Tenax Therapeutics (TENX -0.93%), a development-stage biopharmaceutical company focused on treatments for cardiovascular and pulmonary diseases, released its results for the second quarter of fiscal 2025 on August 13, 2025. The company posted a GAAP EPS loss of $(0.27) for Q2 2025, and reported a GAAP net loss of $10.85 million for Q2 2025. Total operating expenses (GAAP) rose sharply in Q2 2025 versus Q2 2024, while the company maintained its status as a pre-commercial entity with no revenue. Cash and cash equivalents totaled $105.5 million as of June 30, 2025, providing a multi-year funding runway. The quarter showed continued pipeline progress but no new clinical or regulatory data. Overall, the period featured expanding clinical and operational efforts, significant cost increases, and a stable financial position that supports the company’s ongoing trials.
| Metric | Q2 2025 | Q2 2025 Estimate | Q2 2024 | Y/Y Change |
|---|---|---|---|---|
| EPS (GAAP) | $(0.27) | $(0.27) | $(1.83) | 85.2 % |
| Revenue (GAAP) | $0 | $0 | $0 | 0% |
| Research & Development Expense | $6.1 million | $2.3 million | 165.2 % | |
| General & Administrative Expense | $5.7 million | $1.3 million | 338.5% | |
| Cash & Cash Equivalents (end of period) | $105.5 million | N/A | N/A |
Source: Analyst estimates for the quarter provided by FactSet.
Business Overview and Key Success Factors
Tenax Therapeutics develops advanced therapies for serious cardiovascular and pulmonary conditions. Its lead programs target pulmonary hypertension in patients with heart failure with preserved ejection fraction (PH-HFpEF), a disease area with limited treatment options.
The company’s current focus is on advancing levosimendan, a drug intended to treat PH-HFpEF, through late-stage clinical development. Success for Tenax hinges on executing its clinical programs, achieving positive regulatory milestones, securing strong intellectual property rights, and maintaining financial discipline to support ongoing research and development.
Quarter Highlights and Financial Developments
During the period, Tenax undertook major steps to advance its most important clinical program. The pivotal Phase 3 LEVEL study testing oral levosimendan (TNX-103) in patients with PH-HFpEF expanded its enrollment target to 230 patients to increase statistical reliability. The company now expects to finish enrolling patients in the first half of 2026, with results expected in the second half of that year. Tenax also finalized plans for a second global Phase 3 trial, named LEVEL-2, which is scheduled to begin in 2025 with participation from over 85 new sites across 15 countries. High retention and therapy continuation rates in existing trial participants were reported, an important marker for overall study integrity and future results.

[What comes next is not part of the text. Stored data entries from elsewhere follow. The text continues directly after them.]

lemma fib_odd_index_identities:
  assumes "odd n" "n \<ge> 3"
  shows "(F (n - 2) - 1) * (F (n - 1) - 1) + (1 - F (n - 3)) * ((F (n - 1) - 1) + (F (n - 2) + 1))
      = 2" (is ?lincomb)
    and "(1 - F (n - 3)) * (F (n - 1) - 1) + (F (n - 2) - 1) * (F (n - 2) + 1) = lucas (n - 2) - 1"
      (is ?h)
proof -
  define j where "j = n - 3"
  have "even j" and idx: "n - 3 = j" "n - 2 = j + 1" "n - 1 = j + 2"
    using assms unfolding j_def by presburger+
  then have "(-1::int) ^ j = 1" by simp
  with fib_Cassini_int'[of j] show ?lincomb ?h
    unfolding idx lucas_eq_fib by (simp_all add: algebra_simps power2_eq_square)
qed

lemma even_dd_arguments_iff_3_dvd:
  assumes "n \<ge> 3"
  shows "even (F (n - 2) + 1) \<and> even (F (n - 1) - 1) \<longleftrightarrow> 3 dvd n"
proof -
  have "even (F (n - 2) + 1) \<longleftrightarrow> \<not> 3 dvd (n - 2)" "even (F (n - 1) - 1) \<longleftrightarrow> \<not> 3 dvd (n - 1)"
    using even_fib_iff_3_dvd[of "n - 2"] even_fib_iff_3_dvd[of "n - 1"] by simp_all
  with assms show ?thesis by presburger
qed

lemma dd_odd:
  assumes "odd n" "n \<ge> 3"
  shows "dd n = (if 3 dvd n then 2 else 1)"
proof -
  have "(1 - F (n - 3)) * (F (n - 2) + 1) + (F (n - 2) - F (n - 3)) * (F (n - 1) - 1) = 2"
    using fib_odd_index_identities(1)[OF assms] by (simp add: algebra_simps)
  from gcd_eq_if_lincomb_eq_2[OF this] show ?thesis
    unfolding dd_def even_dd_arguments_iff_3_dvd[OF assms(2)] .
qed

lemma case_odd_not_3_dvd:
  assumes "odd n" "\<not> 3 dvd n" "n \<ge> 3"
  shows "dd n = 1" and "tt n = of_int (lucas n)"
    and "(of_int (F (n - 2)) - 1) / 2 * mu n + (1 - of_int (F (n - 3))) / 2 * (mu n + nu n) = 1"
      (is ?lincomb)
    and "hh n ((of_int (F (n - 2)) - 1) / 2) ((1 - of_int (F (n - 3))) / 2)
      = (1 - of_int (lucas (n - 2))) / 2" (is ?hh)
proof -
  note ids = fib_odd_index_identities[OF assms(1,3)]
  show d: "dd n = 1" using dd_odd assms by simp
  show "tt n = of_int (lucas n)" unfolding tt_def d using \<open>odd n\<close> by simp
  show ?lincomb
    unfolding mu_def nu_def d using arg_cong[OF ids(1), of rat_of_int] by (simp add: field_simps)
  show ?hh
    unfolding hh_def mu_def nu_def d using arg_cong[OF ids(2), of rat_of_int]
    by (simp add: field_simps)
qed

lemma case_odd_3_dvd:
  assumes "odd n" "3 dvd n" "n \<ge> 3"
  shows "dd n = 2" and "tt n = of_int (lucas n) / 2"
    and "(of_int (F (n - 2)) - 1) * mu n + (1 - of_int (F (n - 3))) * (mu n + nu n) = 1"
      (is ?lincomb)
    and "hh n (of_int (F (n - 2)) - 1) (1 - of_int (F (n - 3))) = 1 - of_int (lucas (n - 2))"
      (is ?hh)
proof -
  note ids = fib_odd_index_identities[OF assms(1,3)]
  show d: "dd n = 2" using dd_odd assms by simp
  show "tt n = of_int (lucas n) / 2" unfolding tt_def d using \<open>odd n\<close> by simp
  show ?lincomb
    unfolding mu_def nu_def d using arg_cong[OF ids(1), of rat_of_int] by (simp add: field_simps)
  show ?hh
    unfolding hh_def mu_def nu_def d using arg_cong[OF ids(2), of rat_of_int]
    by (simp add: field_simps)
qed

Financially, both Research and administrative expenses rose substantially in Q2 2025 versus Q2 2024. Research and development expense more than doubled, reaching $6.1 million in Q2 2025 compared to $2.3 million in Q2 2024. Despite the rising cost structure, net cash increased to $105.5 million at June 30, 2025, driven by a successful fundraising round of approximately $100.0 million in August 2024 and $25.0 million in March 2025. The company now estimates its available cash will sufficiently fund operations through 2027.

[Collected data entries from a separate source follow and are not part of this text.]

(* Let $p,n\in\mathbb N$ with $p\ge n\ge 10$, and write $p=k(n-1)+r$ with $k\in\mathbb N$ and $r\in\{0,1,2,n-5,n-4,n-3,n-2\}$. Then $$\mathrm{ex}(p;T_n^3)=\frac{(n-2)p-r(n-1-r)}2.$$
   Context: All graphs are finite simple graphs. For a graph $L$, $\mathrm{ex}(p;L)$ denotes the maximum number of edges in a graph on $p$ vertices that contains no subgraph isomorphic to $L$. For $n\ge 6$, $T_n^3$ is the tree on vertex set $\{v_0,\ldots,v_{n-1}\}$ with edge set $\{v_0v_1,v_0v_2,\ldots,v_0v_{n-4},\ v_1v_{n-3},\ v_1v_{n-2},\ v_1v_{n-1}\}$. $\mathbb N=\{1,2,\ldots\}$. *)

theory Defs
  imports Main
begin

definition simple_graph :: "'a set \<Rightarrow> 'a set set \<Rightarrow> bool" where
  "simple_graph V E \<longleftrightarrow> finite V \<and> (\<forall>e\<in>E. \<exists>u v. e = {u, v} \<and> u \<noteq> v \<and> u \<in> V \<and> v \<in> V)"

definition contains_subgraph :: "'a set \<Rightarrow> 'a set set \<Rightarrow> 'b set \<Rightarrow> 'b set set \<Rightarrow> bool" where
  "contains_subgraph V E VL EL \<longleftrightarrow>
     (\<exists>f. inj_on f VL \<and> f ` VL \<subseteq> V \<and> (\<forall>e\<in>EL. f ` e \<in> E))"

definition ex :: "nat \<Rightarrow> 'b set \<Rightarrow> 'b set set \<Rightarrow> nat" where
  "ex p VL EL = Max {card E | E. simple_graph {0..<p} E \<and> \<not> contains_subgraph {0..<p} E VL EL}"

definition T3_vertices :: "nat \<Rightarrow> nat set" where
  "T3_vertices n = {0..<n}"

definition T3_edges :: "nat \<Rightarrow> nat set set" where
  "T3_edges n = {{0, i} | i. 1 \<le> i \<and> i \<le> n - 4} \<union> {{1, j} | j. n - 3 \<le> j \<and> j \<le> n - 1}"

end

theory Submission
  imports Defs
begin

text \<open>Write \<open>slack n E v = n - 2 - deg v\<close>, so the total slack of a graph on \<open>p\<close> vertices is
  \<open>(n - 2) p - 2 |E|\<close>. For a \<open>T_n^3\<close>-free graph on \<open>m\<close> vertices the total slack is at least
  \<open>deficit n m\<close>, a function of \<open>m mod (n - 1)\<close> that is subadditive and equals \<open>r (n - 1 - r)\<close>
  at the residues \<open>r \<in> {0, 1, 2, n - 5, \<dots>, n - 2}\<close>.
  The bound is proved by strong induction on the number of vertices: a nonempty \<open>T_n^3\<close>-free
  graph contains a nonempty set \<open>D\<close> (the whole graph, the closed neighbourhood of a vertex of
  maximum degree, or the union of two neighbourhoods) whose slack, after paying for the edges
  leaving \<open>D\<close>, is at least \<open>deficit n |D|\<close>; removing \<open>D\<close> and using subadditivity closes the
  induction. The local fact behind every case is that adjacent vertices \<open>u\<close>, \<open>w\<close> with
  \<open>deg u \<ge> n - 4\<close> and \<open>deg w \<ge> 4\<close> have at most \<open>n - 1\<close> neighbours together, since otherwise
  \<open>T_n^3\<close> embeds with its two centres at \<open>u\<close> and \<open>w\<close>. Disjoint copies of \<open>K_{n-1}\<close> together
  with one \<open>K_r\<close> attain the bound.\<close>

section \<open>The deficit function\<close>

definition residue_deficit :: "int \<Rightarrow> int \<Rightarrow> int" where
  "residue_deficit N x =
     (if x = 0 then 0
      else if x = 1 \<or> x = N - 2 then N - 2
      else if x = 2 \<or> x = N - 3 then 2 * N - 6
      else if x = N - 4 then 3 * N - 12
      else if x = N - 5 then 4 * N - 20
      else min (3 * N - 12) (2 * N - 2 + 2 * x))"

definition deficit :: "nat \<Rightarrow> nat \<Rightarrow> int" where
  "deficit n m = residue_deficit (int n) (int (m mod (n - 1)))"

lemma residue_deficit_add_le:
  assumes "10 \<le> N" "0 \<le> a" "a < N - 1" "0 \<le> b" "b < N - 1"
  shows "residue_deficit N (if a + b < N - 1 then a + b else a + b - (N - 1))
           \<le> residue_deficit N a + residue_deficit N b"
proof -
  have "a = 0 \<or> a = 1 \<or> a = N - 2 \<or> a = 2 \<or> a = N - 3 \<or> a = N - 4 \<or> a = N - 5 \<or> 3 \<le> a \<and> a \<le> N - 6"
   and "b = 0 \<or> b = 1 \<or> b = N - 2 \<or> b = 2 \<or> b = N - 3 \<or> b = N - 4 \<or> b = N - 5 \<or> 3 \<le> b \<and> b \<le> N - 6"
    using assms by linarith+
  then show ?thesis
    using assms unfolding residue_deficit_def
    by (elim disjE; simp add: min_def split: if_split; arith)
qed

lemma residue_deficit_le_product:
  assumes "10 \<le> N" "0 \<le> x" "x \<le> N - 2"
  shows "residue_deficit N x \<le> x * (N - 1 - x)"
proof -
  have "x = 0 \<or> x = 1 \<or> x = N - 2 \<or> x = 2 \<or> x = N - 3 \<or> x = N - 4 \<or> x = N - 5 \<or> 3 \<le> x \<and> x \<le> N - 6"
    using assms by linarith
  then show ?thesis
  proof (elim disjE)
    assume x: "3 \<le> x \<and> x \<le> N - 6"
    have "0 \<le> (x - 3) * (N - 4 - x)"
      using x by simp
    then have "3 * N - 12 \<le> x * (N - 1 - x)"
      by (simp add: algebra_simps)
    then show ?thesis
      unfolding residue_deficit_def by (simp add: min_def)
  qed (auto simp: residue_deficit_def algebra_simps)
qed

lemma deficit_add_le:
  assumes "10 \<le> n"
  shows "deficit n (x + y) \<le> deficit n x + deficit n y"
proof -
  define a where "a = x mod (n - 1)"
  define b where "b = y mod (n - 1)"
  have ab: "a < n - 1" "b < n - 1"
    using assms by (auto simp: a_def b_def)
  have "(x + y) mod (n - 1) = (a + b) mod (n - 1)"
    by (simp add: mod_add_eq a_def b_def)
  also have "\<dots> = (if a + b < n - 1 then a + b else a + b - (n - 1))"
    using ab by (simp add: le_mod_geq)
  finally have "int ((x + y) mod (n - 1))
      = (if int a + int b < int n - 1 then int a + int b else int a + int b - (int n - 1))"
    using assms by auto
  then show ?thesis
    unfolding deficit_def a_def[symmetric] b_def[symmetric]
    using residue_deficit_add_le[of "int n" "int a" "int b"] ab assms by simp
qed

lemma deficit_le_product:
  assumes "10 \<le> n" "m \<le> n - 1"
  shows "deficit n m \<le> int m * (int n - 1 - int m)"
proof (cases "m = n - 1")
  case True
  then show ?thesis
    using assms by (simp add: deficit_def residue_deficit_def)
next
  case False
  then show ?thesis
    using residue_deficit_le_product[of "int n" "int m"] assms by (simp add: deficit_def)
qed

lemma deficit_le: "10 \<le> n \<Longrightarrow> deficit n m \<le> 4 * int n - 20"
  by (simp add: deficit_def residue_deficit_def min_def)

lemma deficit_le_twice:
  assumes "10 \<le> n" "n \<le> m"
  shows "deficit n m \<le> 2 * int m"
proof -
  define r where "r = m mod (n - 1)"
  have "n - 1 \<le> (n - 1) * (m div (n - 1))"
    using assms by (simp add: Suc_le_eq div_greater_zero_iff)
  then have "int n - 1 + int r \<le> int m" "int r \<le> int n - 2"
    using mult_div_mod_eq[of "n - 1" m] mod_less_divisor[of "n - 1" m] assms
    unfolding r_def by linarith+
  then show ?thesis
    unfolding deficit_def r_def[symmetric] residue_deficit_def by (simp add: min_def)
qed

lemma deficit_0 [simp]: "deficit n 0 = 0"
  by (simp add: deficit_def residue_deficit_def)

lemma deficit_n_minus_1: "10 \<le> n \<Longrightarrow> deficit n (n - 1) = 0"
  by (simp add: deficit_def residue_deficit_def)

lemma deficit_n_minus_2: "10 \<le> n \<Longrightarrow> deficit n (n - 2) = int n - 2"
  by (simp add: deficit_def residue_deficit_def)

lemma deficit_extremal_residue:
  assumes "10 \<le> n" "p mod (n - 1) \<in> {0, 1, 2, n - 5, n - 4, n - 3, n - 2}"
  shows "deficit n p = int (p mod (n - 1)) * (int n - 1 - int (p mod (n - 1)))"
  using assms by (auto simp: deficit_def residue_deficit_def algebra_simps)

definition nbhd :: "'a set set \<Rightarrow> 'a \<Rightarrow> 'a set" where
  "nbhd E v = {x. {v, x} \<in> E}"

lemma nbhd_sym: "x \<in> nbhd E v \<longleftrightarrow> v \<in> nbhd E x"
  by (simp add: nbhd_def insert_commute)

lemma simple_graph_edgeD:
  assumes "simple_graph V E" "{a, b} \<in> E"
  shows "a \<in> V" "b \<in> V" "a \<noteq> b"
  using assms unfolding simple_graph_def by (auto simp: doubleton_eq_iff)

lemma nbhd_subset: "simple_graph V E \<Longrightarrow> nbhd E v \<subseteq> V"
  unfolding nbhd_def using simple_graph_edgeD(2) by fast

lemma finite_nbhd: "simple_graph V E \<Longrightarrow> finite (nbhd E v)"
  using nbhd_subset finite_subset simple_graph_def by metis

lemma not_in_nbhd: "simple_graph V E \<Longrightarrow> v \<notin> nbhd E v"
  unfolding nbhd_def using simple_graph_edgeD(3) by fast

lemma card_nbhd_le:
  assumes "simple_graph V E" "v \<in> V"
  shows "card (nbhd E v) \<le> card V - 1"
proof -
  have "nbhd E v \<subseteq> V - {v}"
    using nbhd_subset[OF assms(1)] not_in_nbhd[OF assms(1)] by auto
  then show ?thesis
    using assms card_mono[of "V - {v}"] by (auto simp: simple_graph_def)
qed

lemma card_nbhd_Un:
  assumes "simple_graph V E" "w \<in> nbhd E u"
  shows "card (nbhd E u \<union> nbhd E w) = card (nbhd E u) + 1 + card (nbhd E w - insert u (nbhd E u))"
proof -
  have "nbhd E u \<union> nbhd E w = insert u (nbhd E u) \<union> (nbhd E w - insert u (nbhd E u))"
    using nbhd_sym[of w E u] assms(2) by auto
  also have "card \<dots> = card (insert u (nbhd E u)) + card (nbhd E w - insert u (nbhd E u))"
    using finite_nbhd[OF assms(1)] by (intro card_Un_disjoint) auto
  finally show ?thesis
    using finite_nbhd[OF assms(1)] not_in_nbhd[OF assms(1)] by simp
qed

lemma card_nbhd_eq_card_edges:
  assumes "simple_graph V E"
  shows "card (nbhd E v) = card {e \<in> E. v \<in> e}"
proof (rule bij_betw_same_card[of "\<lambda>x. {v, x}"], rule bij_betw_imageI)
  show "inj_on (\<lambda>x. {v, x}) (nbhd E v)"
    by (auto simp: inj_on_def doubleton_eq_iff)
  show "(\<lambda>x. {v, x}) ` nbhd E v = {e \<in> E. v \<in> e}"
  proof (intro equalityI subsetI)
    fix e
    assume "e \<in> (\<lambda>x. {v, x}) ` nbhd E v"
    then show "e \<in> {e \<in> E. v \<in> e}"
      by (auto simp: nbhd_def)
  next
    fix e
    assume e: "e \<in> {e \<in> E. v \<in> e}"
    then obtain a b where ab: "e = {a, b}"
      using assms unfolding simple_graph_def by blast
    define x where "x = (if v = a then b else a)"
    have "e = {v, x}"
      using e ab by (auto simp: x_def)
    then show "e \<in> (\<lambda>x. {v, x}) ` nbhd E v"
      using e unfolding nbhd_def by (intro image_eqI[of _ _ x]) auto
  qed
qed

lemma sum_card_nbhd:
  assumes "simple_graph V E"
  shows "(\<Sum>v\<in>V. card (nbhd E v)) = 2 * card E"
proof -
  have fV: "finite V"
    using assms by (simp add: simple_graph_def)
  have edge: "card e = 2 \<and> e \<subseteq> V" if "e \<in> E" for e
    using that assms unfolding simple_graph_def by fastforce
  then have fE: "finite E"
    using fV by (meson PowI finite_Pow_iff rev_finite_subset subsetI)
  have "card (nbhd E v) = (\<Sum>e\<in>E. if v \<in> e then 1 else 0)" for v
    using sum.inter_filter[OF fE, of "\<lambda>_. 1::nat" "\<lambda>e. v \<in> e"]
    by (simp add: card_nbhd_eq_card_edges[OF assms])
  then have "(\<Sum>v\<in>V. card (nbhd E v)) = (\<Sum>v\<in>V. \<Sum>e\<in>E. if v \<in> e then 1 else 0)"
    by simp
  also have "\<dots> = (\<Sum>e\<in>E. \<Sum>v\<in>V. if v \<in> e then 1 else 0)"
    by (rule sum.swap)
  also have "\<dots> = (\<Sum>e\<in>E. 2)"
    using fV edge by (intro sum.cong refl) (simp add: sum.If_cases Int_absorb1)
  finally show ?thesis
    by simp
qed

The quarter did not include new regulatory approvals. However, Tenax highlighted expanded intellectual property protection, specifically a new Canadian patent covering levosimendan and its key metabolites for PH-HFpEF, which will extend exclusivity through 2040. This strengthens the company’s competitive positioning as it advances toward potential commercial milestones in future years.
No new clinical or regulatory milestones were announced for other pipeline candidates, such as imatinib, which remain early-stage within the company’s research pipeline. There was also no mention of new business partnerships, product launches, or commercial revenues, as Tenax continues to operate as a pre-commercial research and development company without marketed products. The company did expand its clinical and operations leadership, adding talent in trial management and safety monitoring to support future program execution.
Looking Ahead
Management’s commentary reiterated the company’s plan to initiate the LEVEL-2 global Phase 3 trial for oral levosimendan in 2025, with full enrollment in the current LEVEL study targeted for the first half of 2026. The next major milestones will be the completion of patient recruitment and the eventual release of topline efficacy and safety data, expected in the second half of 2026. These milestones are critical for pursuing eventual regulatory submissions in the United States and abroad. No new quantifiable financial outlook or full-year guidance was provided for future quarters.
Tenax Therapeutics does not currently pay a dividend.
Revenue and net income presented using U.S. generally accepted accounting principles (GAAP) unless otherwise noted.